Excavation began five years ago, after $100 million in funding was secured from the city, the Maricopa County Flood Control District and the Army Corps of Engineers.

"They excavated down 10 or 12 feet, and they still didn't get all the tires," said Danielle Taddy, park manager. A million pounds of tires were removed just at Central Avenue. Taddy said 13 landfills dotted the river on the five-mile stretch, all of them now abandoned.

"If you saw it before, you'd see it is like night and day," Ibarra said.

Once the debris was removed, the center of the riverbed was dug 10 feet lower than the existing grade, to create a "low-flow channel" for flood control, large enough to carry water downriver at times of high rainfall and water releases from upstream. Lined with aquatic plants, the channel is 200 feet wide.

Last winter's rains and the spring runoff gave the system its first test, said Karen Williams, project coordinator for the city, and the channel worked as planned.

Above the low-flow channel, at the previous river bottom, are terraces that hold 76,000 native plants, grown from cuttings or seeds found within a half-mile of the river. Notable is a grove of cottonwoods near Central Avenue, named the "thousand-tree forest," even if it consists of only hundreds of the trees that once lined the river. The project also includes a mesquite bosque, a paloverde habitat and wetlands.

The plants are nourished with water from 31 storm drains and wells that tap unused aquifers underneath the river. The wells are situated on the "overbank," which is at street level, two of them at 16th Street, one at Central Avenue and two more at Seventh Avenue. The water is not drinkable, and swimming and wading will not be allowed.

East of 16th Street, the river will get by on water drained from city streets, rainwater and occasional releases from upstream.

A key concern, says park manager Taddy, is trash that reaches the river through the drains.

Park builders are trying various ways of intercepting the trash while letting water through.

The Rio Salado joins Tempe's Town Lake as river projects that grew from ideas originally developed in Jim Elmore's classes at the Arizona State University School of Architecture.

For that and his continued efforts to upgrade the river, he is known as the "father" of the Rio Salado.
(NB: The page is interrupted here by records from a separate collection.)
lemma sum_cells_telescope_below:
  fixes Bf :: "nat \<Rightarrow> nat \<Rightarrow> nat \<Rightarrow> 'a::ab_group_add"
  assumes qQ: "\<And>c. 0 < c \<Longrightarrow> c \<le> l \<Longrightarrow> q c \<le> Q" and mq: "\<And>c. 0 < c \<Longrightarrow> c \<le> l \<Longrightarrow> m \<le> q c"
  shows "(\<Sum>c=1..l. \<Sum>s=1..q c. \<Sum>c'=1..l.
            if c < c' \<and> s \<le> m then Bf c' (c + 1) s - (if 1 < c then Bf c' c s else 0) else 0)
       = (\<Sum>c'=1..l. \<Sum>s=1..Q. if s \<le> m \<and> 1 < c' then Bf c' c' s else 0)"
proof (rule trans[OF sum_cells_reorder[OF qQ]], assumption+, intro sum.cong refl)
  fix c' s
  assume c': "c' \<in> {1..l}"
  show "(\<Sum>c=1..l. if s \<le> q c then if c < c' \<and> s \<le> m then Bf c' (c + 1) s - (if 1 < c then Bf c' c s else 0)
                                    else 0 else 0)
      = (if s \<le> m \<and> 1 < c' then Bf c' c' s else 0)"
  proof (cases "s \<le> m")
    case False
    then show ?thesis
      by (auto intro!: sum.neutral)
  next
    case True
    have "\<forall>c\<in>{1..l}. s \<le> q c"
    proof
      fix c
      assume "c \<in> {1..l}"
      then show "s \<le> q c"
        using True mq[of c] by simp
    qed
    with True have "(\<Sum>c=1..l. if s \<le> q c then if c < c' \<and> s \<le> m
          then Bf c' (c + 1) s - (if 1 < c then Bf c' c s else 0) else 0 else 0)
        = (\<Sum>c=1..l. if c < c' then Bf c' (c + 1) s - (if 1 < c then Bf c' c s else 0) else 0)"
      by (intro sum.cong refl) auto
    also have "\<dots> = (if 1 < c' then Bf c' c' s else 0)"
      using c' by (intro sum_telescope_below) auto
    finally show ?thesis
      using True by simp
  qed
qed

lemma sum_cells_telescope_above:
  fixes Bf :: "nat \<Rightarrow> nat \<Rightarrow> nat \<Rightarrow> 'a::ab_group_add"
  assumes qQ: "\<And>c. 0 < c \<Longrightarrow> c \<le> l \<Longrightarrow> q c \<le> Q" and dec: "\<And>c. 0 < c \<Longrightarrow> c < l \<Longrightarrow> q (c + 1) \<le> q c"
  shows "(\<Sum>c=1..l. \<Sum>s=1..q c. \<Sum>c'=1..l. if c' \<le> c \<and> m < s
            then (if c < l \<and> s \<le> q (c + 1) then Bf c' (c + 1) s else 0) - (if 1 < c then Bf c' c s else 0) else 0)
       = (\<Sum>c'=1..l. \<Sum>s=1..Q. if m < s then - (if s \<le> q c' \<and> 1 < c' then Bf c' c' s else 0) else 0)"
proof (rule trans[OF sum_cells_reorder[OF qQ]], assumption+, intro sum.cong refl)
  fix c' s
  assume c': "c' \<in> {1..l}"
  show "(\<Sum>c=1..l. if s \<le> q c then if c' \<le> c \<and> m < s
            then (if c < l \<and> s \<le> q (c + 1) then Bf c' (c + 1) s else 0) - (if 1 < c then Bf c' c s else 0)
            else 0 else 0)
      = (if m < s then - (if s \<le> q c' \<and> 1 < c' then Bf c' c' s else 0) else 0)"
  proof (cases "m < s")
    case False
    then show ?thesis
      by (auto intro!: sum.neutral)
  next
    case True
    then have "(\<Sum>c=1..l. if s \<le> q c then if c' \<le> c \<and> m < s
            then (if c < l \<and> s \<le> q (c + 1) then Bf c' (c + 1) s else 0) - (if 1 < c then Bf c' c s else 0)
            else 0 else 0)
        = (\<Sum>c=1..l. if s \<le> q c \<and> c' \<le> c
            then (if c < l \<and> s \<le> q (c + 1) then Bf c' (c + 1) s else 0) - (if 1 < c then Bf c' c s else 0) else 0)"
      by (intro sum.cong) auto
    also have "\<dots> = - (if s \<le> q c' \<and> 1 < c' then Bf c' c' s else 0)"
    proof (rule sum_telescope_above_downclosed)
      show "s \<le> q c" if "0 < c" "c < l" "s \<le> q (c + 1)" for c
        using dec[OF that(1,2)] that(3) by simp
    qed (use c' in auto)
    finally show ?thesis
      using True by simp
  qed
qed
(* Let $n\ge2$, $p\in(n-1,n]$, $x_0\in\mathbb{R}^n$, $\varepsilon_1>0$, and let $D\subset\mathbb{R}^n$ be a domain containing $B(x_0,\varepsilon_1)$. Let $A^*$ be a nondegenerate continuum in $D$. Let $r>0$ and let $C_j$, $j=1,2,\dots$, be continua in $B(x_0,\varepsilon_1)$ with $h(C_j)\ge r$ for all $j$. Then there is $R_0^*>0$ such that $M_p(\Gamma(C_j,A^*,D))\ge R_0^*$ for all $j\in\mathbb{N}$.
   Context: $B(x_0,r)$ is the open Euclidean ball. $h$ is the chordal metric, $h(x,y)=\frac{|x-y|}{\sqrt{1+|x|^2}\sqrt{1+|y|^2}}$, and $h(E)=\sup_{x,y\in E}h(x,y)$. For a path family $\Gamma$, $M_p(\Gamma)=\inf\int_{\mathbb{R}^n}\rho^p\,dm$ over Borel $\rho\ge0$ with $\int_\gamma\rho\,|dx|\ge1$ for all locally rectifiable $\gamma\in\Gamma$. $\Gamma(E,F,G)$ is the family of paths $\gamma:[s,t]\to\overline{\mathbb{R}^n}$ with $\gamma(s)\in E$, $\gamma(t)\in F$, $\gamma(\tau)\in G$ for $s<\tau<t$. *)

theory Defs
  imports "HOL-Analysis.Analysis"
begin

definition chordal :: "'a::real_normed_vector \<Rightarrow> 'a \<Rightarrow> real" where
  "chordal x y = norm (x - y) / (sqrt (1 + (norm x)\<^sup>2) * sqrt (1 + (norm y)\<^sup>2))"

definition chordal_diam :: "'a::real_normed_vector set \<Rightarrow> real" where
  "chordal_diam E = Sup {chordal x y | x y. x \<in> E \<and> y \<in> E}"

definition continuum :: "'a::topological_space set \<Rightarrow> bool" where
  "continuum E \<longleftrightarrow> E \<noteq> {} \<and> compact E \<and> connected E"

definition nondegenerate :: "'a set \<Rightarrow> bool" where
  "nondegenerate E \<longleftrightarrow> (\<exists>x\<in>E. \<exists>y\<in>E. x \<noteq> y)"

(* a path is a triple (gamma, s, t) with gamma continuous on [s,t], s < t *)
type_synonym 'a path_t = "(real \<Rightarrow> 'a) \<times> real \<times> real"

definition partition_sums :: "(real \<Rightarrow> 'a::metric_space) \<Rightarrow> real \<Rightarrow> real \<Rightarrow> real set" where
  "partition_sums g a b =
     {(\<Sum>i<k. dist (g (u i)) (g (u (Suc i)))) | u k.
        u 0 = a \<and> u k = b \<and> (\<forall>i<k. u i \<le> u (Suc i))}"

definition rectifiable_on :: "(real \<Rightarrow> 'a::metric_space) \<Rightarrow> real \<Rightarrow> real \<Rightarrow> bool" where
  "rectifiable_on g a b \<longleftrightarrow> a \<le> b \<and> continuous_on {a..b} g \<and> bdd_above (partition_sums g a b)"

definition arc_len :: "(real \<Rightarrow> 'a::metric_space) \<Rightarrow> real \<Rightarrow> real \<Rightarrow> real" where
  "arc_len g a b = Sup (partition_sums g a b)"

definition length_fun :: "(real \<Rightarrow> 'a::metric_space) \<Rightarrow> real \<Rightarrow> real \<Rightarrow> real \<Rightarrow> real" where
  "length_fun g a b t = arc_len g a (max a (min b t))"

(* line integral  \<integral>_g \<rho> |dx| = \<integral>_a^b \<rho>(g t) ds_g(t)  (Lebesgue-Stieltjes w.r.t. arc length) *)
definition line_integral :: "('a::metric_space \<Rightarrow> ennreal) \<Rightarrow> (real \<Rightarrow> 'a) \<Rightarrow> real \<Rightarrow> real \<Rightarrow> ennreal" where
  "line_integral \<rho> g a b =
     (\<integral>\<^sup>+ t. \<rho> (g t) * indicator {a..b} t \<partial>(interval_measure (length_fun g a b)))"

definition path_family :: "'a::topological_space set \<Rightarrow> 'a set \<Rightarrow> 'a set \<Rightarrow> 'a path_t set" where
  "path_family E F G =
     {(g, s, t). s < t \<and> continuous_on {s..t} g \<and> g s \<in> E \<and> g t \<in> F \<and>
                 (\<forall>\<tau>. s < \<tau> \<and> \<tau> < t \<longrightarrow> g \<tau> \<in> G)}"

(* power on [0,\<infinity>] for positive exponents *)
definition enn_powr :: "ennreal \<Rightarrow> real \<Rightarrow> ennreal" where
  "enn_powr x q = (if x = \<infinity> then \<infinity> else ennreal (enn2real x powr q))"

(* admissible densities: Borel \<rho> : R^n \<rightarrow> [0,\<infinity>] with \<integral>_\<gamma> \<rho> \<ge> 1 for each
   locally rectifiable \<gamma> (for closed parameter intervals: rectifiable) *)
definition admissible :: "'a path_t set \<Rightarrow> ('a::euclidean_space \<Rightarrow> ennreal) \<Rightarrow> bool" where
  "admissible \<Gamma> \<rho> \<longleftrightarrow> \<rho> \<in> borel_measurable borel \<and>
     (\<forall>(g, s, t) \<in> \<Gamma>. rectifiable_on g s t \<longrightarrow> line_integral \<rho> g s t \<ge> 1)"

definition p_modulus :: "real \<Rightarrow> 'a::euclidean_space path_t set \<Rightarrow> ennreal" where
  "p_modulus p \<Gamma> = (INF \<rho> \<in> Collect (admissible \<Gamma>). \<integral>\<^sup>+ x. enn_powr (\<rho> x) p \<partial>lborel)"

end

theory Submission
  imports Defs
begin

text \<open>
  Fix \<open>a \<in> A\<close>, a polynomial path \<open>P\<close> from \<open>x\<^sub>0\<close> to \<open>a\<close> in \<open>D\<close> and a small ball \<open>W\<close> around
  \<open>x\<^sub>0\<close>. Given \<open>x \<in> C\<^sub>j\<close>, points \<open>u(s) \<in> C\<^sub>j\<close> with \<open>\<bar>u(s) - x\<bar> = s\<close> and \<open>v(\<sigma>) \<in> A\<close> with
  \<open>\<bar>v(\<sigma>) - a\<bar> = \<sigma>\<close>, every \<open>(s, w, \<sigma>) \<in> [0, d] \<times> W \<times> [0, d]\<close> gives a path joining \<open>C\<^sub>j\<close> to
  \<open>A\<close> in \<open>D\<close>: the segment from \<open>u(s)\<close> to \<open>w\<close>, the translate \<open>w - x\<^sub>0 + P\<close>, and the segment from
  \<open>w + a - x\<^sub>0\<close> back to \<open>v(\<sigma>)\<close>. Averaging the admissibility inequality of a density \<open>\<rho>\<close> over
  these parameters, and bounding the averages along the segments by Young's inequality with
  weights \<open>\<Lambda> t\<^sup>\<alpha>\<close>, \<open>n - 2 < \<alpha> < p - 1\<close>, bounds \<open>|W|\<close> by a multiple of \<open>\<integral> \<rho>\<^sup>p\<close> plus \<open>|W| / 2\<close>.
  The constants depend only on \<open>n\<close>, \<open>p\<close>, \<open>d\<close>, the lengths of the pieces and \<open>|W|\<close>, not on \<open>j\<close>.
  This is where \<open>p > n - 1\<close> is used.
\<close>

section \<open>Arc length and line integrals along Lipschitz paths\<close>

lemma partition_sums_lipschitz_bounds:
  fixes g :: "real \<Rightarrow> 'a::metric_space"
  assumes L: "K-lipschitz_on {a..b} g" and "x \<le> b" and "z \<in> partition_sums g a x"
  shows "0 \<le> z" "z \<le> K * (x - a)"
proof -
  obtain u k where z: "z = (\<Sum>i<k. dist (g (u i)) (g (u (Suc i))))"
    and u: "u 0 = a" "u k = x" and mono: "\<forall>i<k. u i \<le> u (Suc i)"
    using assms(3) unfolding partition_sums_def by auto
  have u_range: "a \<le> u i \<and> u i \<le> x" if "i \<le> k" for i
  proof -
    have "u 0 \<le> u i" "u i \<le> u k"
      by (rule lift_Suc_mono_le_ivl[of "{..<k}"]; use mono that in auto)+
    then show ?thesis using u by simp
  qed
  show "0 \<le> z" unfolding z by (simp add: sum_nonneg)
  have "z \<le> (\<Sum>i<k. K * (u (Suc i) - u i))"
    unfolding z
  proof (rule sum_mono)
    fix i assume "i \<in> {..<k}"
    then have "u i \<in> {a..b}" "u (Suc i) \<in> {a..b}" "u i \<le> u (Suc i)"
      using u_range[of i] u_range[of "Suc i"] mono \<open>x \<le> b\<close> by auto
    then show "dist (g (u i)) (g (u (Suc i))) \<le> K * (u (Suc i) - u i)"
      using lipschitz_onD[OF L] by (fastforce simp: dist_real_def dist_commute)
  qed
  also have "\<dots> = K * (x - a)"
    by (simp add: sum_distrib_left[symmetric] sum_lessThan_telescope u)
  finally show "z \<le> K * (x - a)" .
qed

lemma zero_in_partition_sums: "0 \<in> partition_sums g a a"
  unfolding partition_sums_def by (rule CollectI, rule exI[of _ "\<lambda>_. a"], rule exI[of _ 0]) simp

lemma partition_sums_snoc:
  assumes "z \<in> partition_sums g a x" and "x \<le> y"
  shows "z + dist (g x) (g y) \<in> partition_sums g a y"
proof -
  obtain u k where z: "z = (\<Sum>i<k. dist (g (u i)) (g (u (Suc i))))"
    and u: "u 0 = a" "u k = x" "\<forall>i<k. u i \<le> u (Suc i)"
    using assms(1) unfolding partition_sums_def by auto
  define u' where "u' = u(Suc k := y)"
  have "z + dist (g x) (g y) = (\<Sum>i<Suc k. dist (g (u' i)) (g (u' (Suc i))))"
    unfolding z u'_def using u by simp
  moreover have "u' 0 = a" "u' (Suc k) = y" "\<forall>i<Suc k. u' i \<le> u' (Suc i)"
    using u \<open>x \<le> y\<close> by (auto simp: u'_def less_Suc_eq)
  ultimately show ?thesis
    unfolding partition_sums_def by blast
qed

lemma partition_sums_nonempty: "a \<le> x \<Longrightarrow> partition_sums g a x \<noteq> {}"
  using partition_sums_snoc[of 0 g a a x] zero_in_partition_sums[of g a] by auto

lemma bdd_above_partition_sums:
  "K-lipschitz_on {a..b} g \<Longrightarrow> x \<le> b \<Longrightarrow> bdd_above (partition_sums g a x)"
  by (rule bdd_aboveI, rule partition_sums_lipschitz_bounds(2))

lemma partition_sum_le_arc_len:
  "K-lipschitz_on {a..b} g \<Longrightarrow> x \<le> b \<Longrightarrow> z \<in> partition_sums g a x \<Longrightarrow> z \<le> arc_len g a x"
  unfolding arc_len_def by (rule cSup_upper, assumption, rule bdd_above_partition_sums)

lemma arc_len_mono:
  assumes L: "K-lipschitz_on {a..b} g" and "a \<le> x" "x \<le> y" "y \<le> b"
  shows "arc_len g a x \<le> arc_len g a y"
  unfolding arc_len_def[of g a x]
proof (rule cSup_least[OF partition_sums_nonempty[OF \<open>a \<le> x\<close>]])
  fix z assume "z \<in> partition_sums g a x"
  then have "z + dist (g x) (g y) \<le> arc_len g a y"
    using partition_sum_le_arc_len[OF L \<open>y \<le> b\<close> partition_sums_snoc[OF _ \<open>x \<le> y\<close>]] by blast
  then show "z \<le> arc_len g a y" using zero_le_dist[of "g x" "g y"] by linarith
qed

text \<open>Induction over the number of partition points: the last subinterval either lies
  left of \<open>x\<close>, or it is split at \<open>x\<close> and its left part completes a partition of \<open>[a, x]\<close>.\<close>
lemma partition_sum_le_arc_len_add:
  assumes L: "K-lipschitz_on {a..b} g"
    and u: "u 0 = a" "\<forall>i<k. u i \<le> u (Suc i)" "u k \<le> b" and x: "a \<le> x" "x \<le> u k"
  shows "(\<Sum>i<k. dist (g (u i)) (g (u (Suc i)))) \<le> arc_len g a x + K * (u k - x)"
  using u(2,3) x
proof (induction k arbitrary: x)
  case 0
  then show ?case using partition_sum_le_arc_len[OF L _ zero_in_partition_sums] u(1) by simp
next
  case (Suc k)
  have "u 0 \<le> u k"
    by (rule lift_Suc_mono_le_ivl[of "{..<Suc k}"]) (use Suc.prems(1) in auto)
  then have uk: "a \<le> u k" "u k \<le> u (Suc k)"
    using Suc.prems(1) u(1) by auto
  have lip: "dist (g s) (g t) \<le> K * (t - s)" if "a \<le> s" "s \<le> t" "t \<le> b" for s t
    using lipschitz_onD[OF L, of s t] that by (simp add: dist_real_def dist_commute)
  show ?case
  proof (cases "x \<le> u k")
    case True
    then have "(\<Sum>i<k. dist (g (u i)) (g (u (Suc i)))) \<le> arc_len g a x + K * (u k - x)"
      using Suc uk by auto
    moreover have "dist (g (u k)) (g (u (Suc k))) \<le> K * (u (Suc k) - u k)"
      using lip uk Suc.prems(2) by simp
    ultimately show ?thesis by (simp add: algebra_simps)
  next
    case False
    have "(\<Sum>i<k. dist (g (u i)) (g (u (Suc i)))) \<in> partition_sums g a (u k)"
      unfolding partition_sums_def using u(1) Suc.prems(1) by (auto intro!: exI[of _ u] exI[of _ k])
    then have "(\<Sum>i<k. dist (g (u i)) (g (u (Suc i)))) + dist (g (u k)) (g x) \<in> partition_sums g a x"
      using False by (intro partition_sums_snoc) auto
    then have "(\<Sum>i<k. dist (g (u i)) (g (u (Suc i)))) + dist (g (u k)) (g x) \<le> arc_len g a x"
      using Suc.prems by (intro partition_sum_le_arc_len[OF L]) auto
    moreover have "dist (g (u k)) (g (u (Suc k))) \<le> dist (g (u k)) (g x) + K * (u (Suc k) - x)"
      using dist_triangle[of "g (u k)" "g (u (Suc k))" "g x"] lip[of x "u (Suc k)"] Suc.prems by auto
    ultimately show ?thesis by simp
  qed
qed

lemma arc_len_add_le:
  assumes L: "K-lipschitz_on {a..b} g" and "a \<le> x" "x \<le> y" "y \<le> b"
  shows "arc_len g a y \<le> arc_len g a x + K * (y - x)"
  unfolding arc_len_def[of g a y]
proof (rule cSup_least)
  show "partition_sums g a y \<noteq> {}" by (rule partition_sums_nonempty) (use assms in linarith)
  fix z assume "z \<in> partition_sums g a y"
  then show "z \<le> arc_len g a x + K * (y - x)"
    unfolding partition_sums_def using partition_sum_le_arc_len_add[OF L] assms by auto
qed

lemma rectifiable_on_lipschitz:
  "K-lipschitz_on {a..b} g \<Longrightarrow> a \<le> b \<Longrightarrow> rectifiable_on g a b"
  unfolding rectifiable_on_def
  by (metis lipschitz_on_continuous_on bdd_above_partition_sums order_refl)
He and his classes developed their plans at a time when the river was a dried-up eyesore that was home to sand and gravel mines, dumps and heavy industry — as it remains in some parts of the Valley.

A proposal that envisioned 28 miles of lakes, whitewater rapids, campgrounds, even islands, was expected to cost more than $2.5 billion, and voters rejected the plan by a 2-1 margin in 1987.

Tempe was the first community to respond to the defeat, proceeding on its own to develop Town Lake.

In Phoenix, the city, people like Elmore and organizations like Valley Forward, which promotes environmental awareness, kept the project alive.

Besides the river itself, the city has created a plan to redevelop the area along the river, between the freeways on the north and Broadway Road on the south. City officials hope the Beyond the Banks Area Plan will result in additional housing, parks and businesses.

"All of that potential is a great thing for the surrounding neighborhoods," said Craig Echeveste, assistant to Phoenix City Councilman Doug Lingner, whose district covers the lower portion of the project. "New projects along the river will have lower intensity, replacing industries and sand and gravel operators, better aesthetics and more jobs, too. We plan to be taking away the more damaging uses and replacing them with nicer ones."

George Young, a member of the South Mountain Village Planning Committee and chairman of the Rio Salado Community Advisory Committee, said the river will be a "great asset to the neighborhood."

The next steps, he says, involve redeveloping Central Avenue both north and south of the river, to connect the project to downtown Phoenix and South Mountain Park.

"Once people get to the river, they are going to love us," he said.